Getting private companies to run public services was a big Margaret Thatcher idea back in the 1980s, a mission embraced by her eventual successor as U.K. Prime Minister Tony Blair. It led to the rise of British outsourcing titans such as Capita Plc, Serco Group Plc and G4S Plc, which manage facilities ranging from prisons and Royal Air Force bases to leisure centers and car parks.
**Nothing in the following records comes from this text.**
(* Let $k$ be a positive integer and $C$ be a simplicial complex whose $1$-skeleton has a proper $2k$-colouring. Then $C$ has a proper edge-colouring with $2k-1$ colours.
   Context: An edge-colouring of a simplicial complex $C$ is proper if for every $2$-cell $f$ of $C$, any two distinct edges of $f$ receive distinct colours. *)

theory Defs
  imports Main
begin

definition simplicial_complex :: "'a set set \<Rightarrow> bool" where
  "simplicial_complex C \<longleftrightarrow>
     (\<forall>\<sigma>\<in>C. finite \<sigma> \<and> \<sigma> \<noteq> {}) \<and>
     (\<forall>\<sigma>\<in>C. \<forall>\<tau>. \<tau> \<subseteq> \<sigma> \<and> \<tau> \<noteq> {} \<longrightarrow> \<tau> \<in> C)"

definition vertices :: "'a set set \<Rightarrow> 'a set" where
  "vertices C = {v. {v} \<in> C}"

definition edges :: "'a set set \<Rightarrow> 'a set set" where
  "edges C = {e \<in> C. card e = 2}"

definition cells2 :: "'a set set \<Rightarrow> 'a set set" where
  "cells2 C = {f \<in> C. card f = 3}"

definition proper_skeleton_colouring :: "'a set set \<Rightarrow> nat \<Rightarrow> ('a \<Rightarrow> nat) \<Rightarrow> bool" where
  "proper_skeleton_colouring C n c \<longleftrightarrow>
     (\<forall>v\<in>vertices C. c v < n) \<and>
     (\<forall>u v. {u, v} \<in> edges C \<longrightarrow> c u \<noteq> c v)"

definition proper_edge_colouring :: "'a set set \<Rightarrow> nat \<Rightarrow> ('a set \<Rightarrow> nat) \<Rightarrow> bool" where
  "proper_edge_colouring C n col \<longleftrightarrow>
     (\<forall>e\<in>edges C. col e < n) \<and>
     (\<forall>f\<in>cells2 C. \<forall>e1 e2. e1 \<in> edges C \<and> e2 \<in> edges C \<and> e1 \<subseteq> f \<and> e2 \<subseteq> f
        \<and> e1 \<noteq> e2 \<longrightarrow> col e1 \<noteq> col e2)"

end

theory Submission
  imports Defs "HOL-Number_Theory.Cong"
begin

text \<open>The complete graph on the colour set \<open>{0..2k-1}\<close> has a proper edge colouring with
\<open>m = 2k - 1\<close> colours, the round-robin schedule: read \<open>0, \<dots>, m - 1\<close> as residues mod \<open>m\<close> and
\<open>m\<close> as a point at infinity, colour \<open>{a, b}\<close> by \<open>a + b\<close> and \<open>{a, \<infinity>}\<close> by \<open>2a\<close>; since \<open>m\<close> is
odd, the edges at any vertex get distinct colours. Colour an edge \<open>{u, v}\<close> of \<open>C\<close> by the
round-robin colour of \<open>{c u, c v}\<close>, where \<open>c\<close> is the given vertex colouring. The three
vertices of a 2-cell have three distinct colours and two of its edges share a vertex, so
they are mapped to two edges of the complete graph sharing a vertex.\<close>

definition round_robin_colour :: "nat \<Rightarrow> nat set \<Rightarrow> nat" where
  "round_robin_colour m S = (if m \<in> S then 2 * the_elem (S - {m}) else \<Sum>S) mod m"

lemma round_robin_colour_pair:
  assumes "a \<noteq> b"
  shows "round_robin_colour m {a, b} = (if a = m then 2 * b else if b = m then 2 * a else a + b) mod m"
  using assms by (auto simp: round_robin_colour_def insert_Diff_if)

lemma round_robin_colour_less: "0 < m \<Longrightarrow> round_robin_colour m S < m"
  by (simp add: round_robin_colour_def)

lemma round_robin_colour_adjacent_distinct:
  assumes "odd m" "a \<le> m" "b \<le> m" "d \<le> m" "a \<noteq> b" "a \<noteq> d" "b \<noteq> d"
  shows "round_robin_colour m {a, b} \<noteq> round_robin_colour m {a, d}"
proof
  assume eq: "round_robin_colour m {a, b} = round_robin_colour m {a, d}"
  show False
  proof (cases "a = m")
    case True
    then have "[2 * b = 2 * d] (mod m)"
      using eq assms by (simp add: round_robin_colour_pair cong_def)
    with \<open>odd m\<close> have "[b = d] (mod m)"
      by (simp add: cong_mult_lcancel_nat)
    with True assms show False
      using cong_less_modulus_unique_nat by fastforce
  next
    case False
    define partner where "partner x = (if x = m then a else x)" for x
    have colour: "round_robin_colour m {a, x} = (a + partner x) mod m" if "x \<noteq> a" for x
      using that False by (simp add: round_robin_colour_pair partner_def add.commute mult_2)
    have "[a + partner b = a + partner d] (mod m)"
      using eq colour assms by (simp add: cong_def)
    then have "[partner b = partner d] (mod m)"
      by (simp add: cong_add_lcancel_nat)
    moreover have "partner b < m" "partner d < m"
      using False assms by (auto simp: partner_def)
    ultimately have "partner b = partner d"
      by (rule cong_less_modulus_unique_nat)
    with assms show False
      by (auto simp: partner_def split: if_splits)
  qed
qed

lemma simplicial_complex_face:
  "simplicial_complex C \<Longrightarrow> \<sigma> \<in> C \<Longrightarrow> \<tau> \<subseteq> \<sigma> \<Longrightarrow> \<tau> \<noteq> {} \<Longrightarrow> \<tau> \<in> C"
  unfolding simplicial_complex_def by blast

lemma skeleton_colouring_less:
  assumes "simplicial_complex C" "proper_skeleton_colouring C n c" "\<sigma> \<in> C" "u \<in> \<sigma>"
  shows "c u < n"
proof -
  have "{u} \<in> C"
    by (rule simplicial_complex_face[OF assms(1,3)]) (use assms(4) in auto)
  with assms(2) show ?thesis
    by (simp add: proper_skeleton_colouring_def vertices_def)
qed

lemma skeleton_colouring_distinct:
  assumes "simplicial_complex C" "proper_skeleton_colouring C n c" "\<sigma> \<in> C"
    and "u \<in> \<sigma>" "v \<in> \<sigma>" "u \<noteq> v"
  shows "c u \<noteq> c v"
proof -
  have "{u, v} \<in> C"
    by (rule simplicial_complex_face[OF assms(1,3)]) (use assms(4,5) in auto)
  with \<open>u \<noteq> v\<close> have "{u, v} \<in> edges C"
    by (simp add: edges_def)
  with assms(2) show ?thesis
    by (simp add: proper_skeleton_colouring_def)
qed

lemma two_subset_of_three:
  assumes "card e = 2" "e \<subseteq> {x, y, z}"
  shows "e = {x, y} \<or> e = {x, z} \<or> e = {y, z}"
proof -
  obtain u v where e: "e = {u, v}" "u \<noteq> v"
    using assms(1) by (meson card_2_iff)
  then have "u \<in> {x, y, z}" "v \<in> {x, y, z}"
    using assms(2) by auto
  with e show ?thesis
    by (auto simp: insert_commute)
qed

lemma two_edges_of_triangle:
  assumes "card f = 3" "card e1 = 2" "card e2 = 2" "e1 \<subseteq> f" "e2 \<subseteq> f" "e1 \<noteq> e2"
  obtains p q r where "e1 = {p, q}" "e2 = {p, r}" "p \<noteq> q" "p \<noteq> r" "q \<noteq> r"
proof -
  obtain x y z where f: "f = {x, y, z}" "x \<noteq> y" "x \<noteq> z" "y \<noteq> z"
    using assms(1) by (auto simp: card_3_iff)
  have "e1 \<subseteq> {x, y, z}" "e2 \<subseteq> {x, y, z}"
    using assms(4,5) f(1) by simp_all
  then have "e1 = {x, y} \<or> e1 = {x, z} \<or> e1 = {y, z}" "e2 = {x, y} \<or> e2 = {x, z} \<or> e2 = {y, z}"
    using assms(2,3) by (simp_all add: two_subset_of_three)
  then show ?thesis
    using assms(6) f(2-4)
      that[of x y z] that[of y x z] that[of x z y] that[of z x y] that[of y z x] that[of z y x]
    by (elim disjE) (simp_all add: insert_commute)
qed

lemma proper_edge_colouring_from_complete_graph:
  assumes C: "simplicial_complex C" and c: "proper_skeleton_colouring C n c"
    and less: "\<And>a b. a < n \<Longrightarrow> b < n \<Longrightarrow> a \<noteq> b \<Longrightarrow> \<chi> {a, b} < r"
    and adjacent: "\<And>a b d. a < n \<Longrightarrow> b < n \<Longrightarrow> d < n \<Longrightarrow> a \<noteq> b \<Longrightarrow> a \<noteq> d \<Longrightarrow> b \<noteq> d
      \<Longrightarrow> \<chi> {a, b} \<noteq> \<chi> {a, d}"
  shows "proper_edge_colouring C r (\<lambda>e. \<chi> (c ` e))"
  unfolding proper_edge_colouring_def
proof (intro conjI ballI allI impI)
  fix e assume "e \<in> edges C"
  then have "e \<in> C" "card e = 2"
    by (simp_all add: edges_def)
  then obtain u v where uv: "e = {u, v}" "u \<noteq> v"
    by (meson card_2_iff)
  then have "u \<in> e" "v \<in> e"
    by simp_all
  note less_n = skeleton_colouring_less[OF C c \<open>e \<in> C\<close>]
    and distinct = skeleton_colouring_distinct[OF C c \<open>e \<in> C\<close>]
  have "\<chi> {c u, c v} < r"
    using \<open>u \<in> e\<close> \<open>v \<in> e\<close> \<open>u \<noteq> v\<close> by (intro less less_n distinct)
  with uv show "\<chi> (c ` e) < r"
    by simp
next
  fix f e1 e2
  assume f: "f \<in> cells2 C"
    and e: "e1 \<in> edges C \<and> e2 \<in> edges C \<and> e1 \<subseteq> f \<and> e2 \<subseteq> f \<and> e1 \<noteq> e2"
  then have "f \<in> C" "card f = 3" "card e1 = 2" "card e2 = 2" "e1 \<subseteq> f" "e2 \<subseteq> f" "e1 \<noteq> e2"
    by (simp_all add: cells2_def edges_def)
  then obtain p q r where pqr: "e1 = {p, q}" "e2 = {p, r}" "p \<noteq> q" "p \<noteq> r" "q \<noteq> r"
    by (meson two_edges_of_triangle)
  with \<open>e1 \<subseteq> f\<close> \<open>e2 \<subseteq> f\<close> have "p \<in> f" "q \<in> f" "r \<in> f"
    by auto
  note less_n = skeleton_colouring_less[OF C c \<open>f \<in> C\<close>]
    and distinct = skeleton_colouring_distinct[OF C c \<open>f \<in> C\<close>]
  have "\<chi> {c p, c q} \<noteq> \<chi> {c p, c r}"
    using \<open>p \<in> f\<close> \<open>q \<in> f\<close> \<open>r \<in> f\<close> pqr(3-5)
    by (intro adjacent less_n distinct)
  with pqr show "\<chi> (c ` e1) \<noteq> \<chi> (c ` e2)"
    by simp
qed

theorem proposition7p1:
  fixes C :: "'a set set" and k :: nat
  assumes "k > 0"
    and "simplicial_complex C"
    and "\<exists>c. proper_skeleton_colouring C (2 * k) c"
  shows "\<exists>col. proper_edge_colouring C (2 * k - 1) col"
proof -
  obtain c where c: "proper_skeleton_colouring C (2 * k) c"
    using assms(3) by blast
  have "proper_edge_colouring C (2 * k - 1) (\<lambda>e. round_robin_colour (2 * k - 1) (c ` e))"
    using \<open>k > 0\<close>
    by (intro proper_edge_colouring_from_complete_graph[OF assms(2) c] round_robin_colour_less
        round_robin_colour_adjacent_distinct) auto
  then show ?thesis
    by blast
qed

end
You wouldn't call them giants now. After sector scandals a few years back that included billing taxpayers for keeping track of dead offenders, we've moved on to agonizing about the companies' finances as Britain's austerity drive squeezes how much they can make from contracts. Carillion Plc's collapse and this week's monster profit warning from Capita show the danger.

There are differences in the health of these companies, of course, and how they operate. G4S is doing better than its peers. But the picture of their profit margins is largely similar, as this chart shows (even if that's only really started weighing on generous dividend payouts recently):

The mushrooming of debt relative to earnings at some firms adds to the sense of fragility:

On the balance sheet, people are taking action. Hence this week's "kitchen-sinking" by Capita's new broom CEO. Yet even if his rescue act goes well, what next? Serco boss Rupert Soames -- Winston Churchill's grandson, no less -- had perhaps an even bigger task saving that company from crisis in 2014. But its market value still languishes below one billion pounds ($1.4 billion) as it waits in hope of a proper recovery.

Having to deal with a Brexit-paralyzed British government isn't helping the outsourcing crowd. If left-wing Labour leader Jeremy Corbyn wins power on his stridently anti-privatization platform, then all bets are off.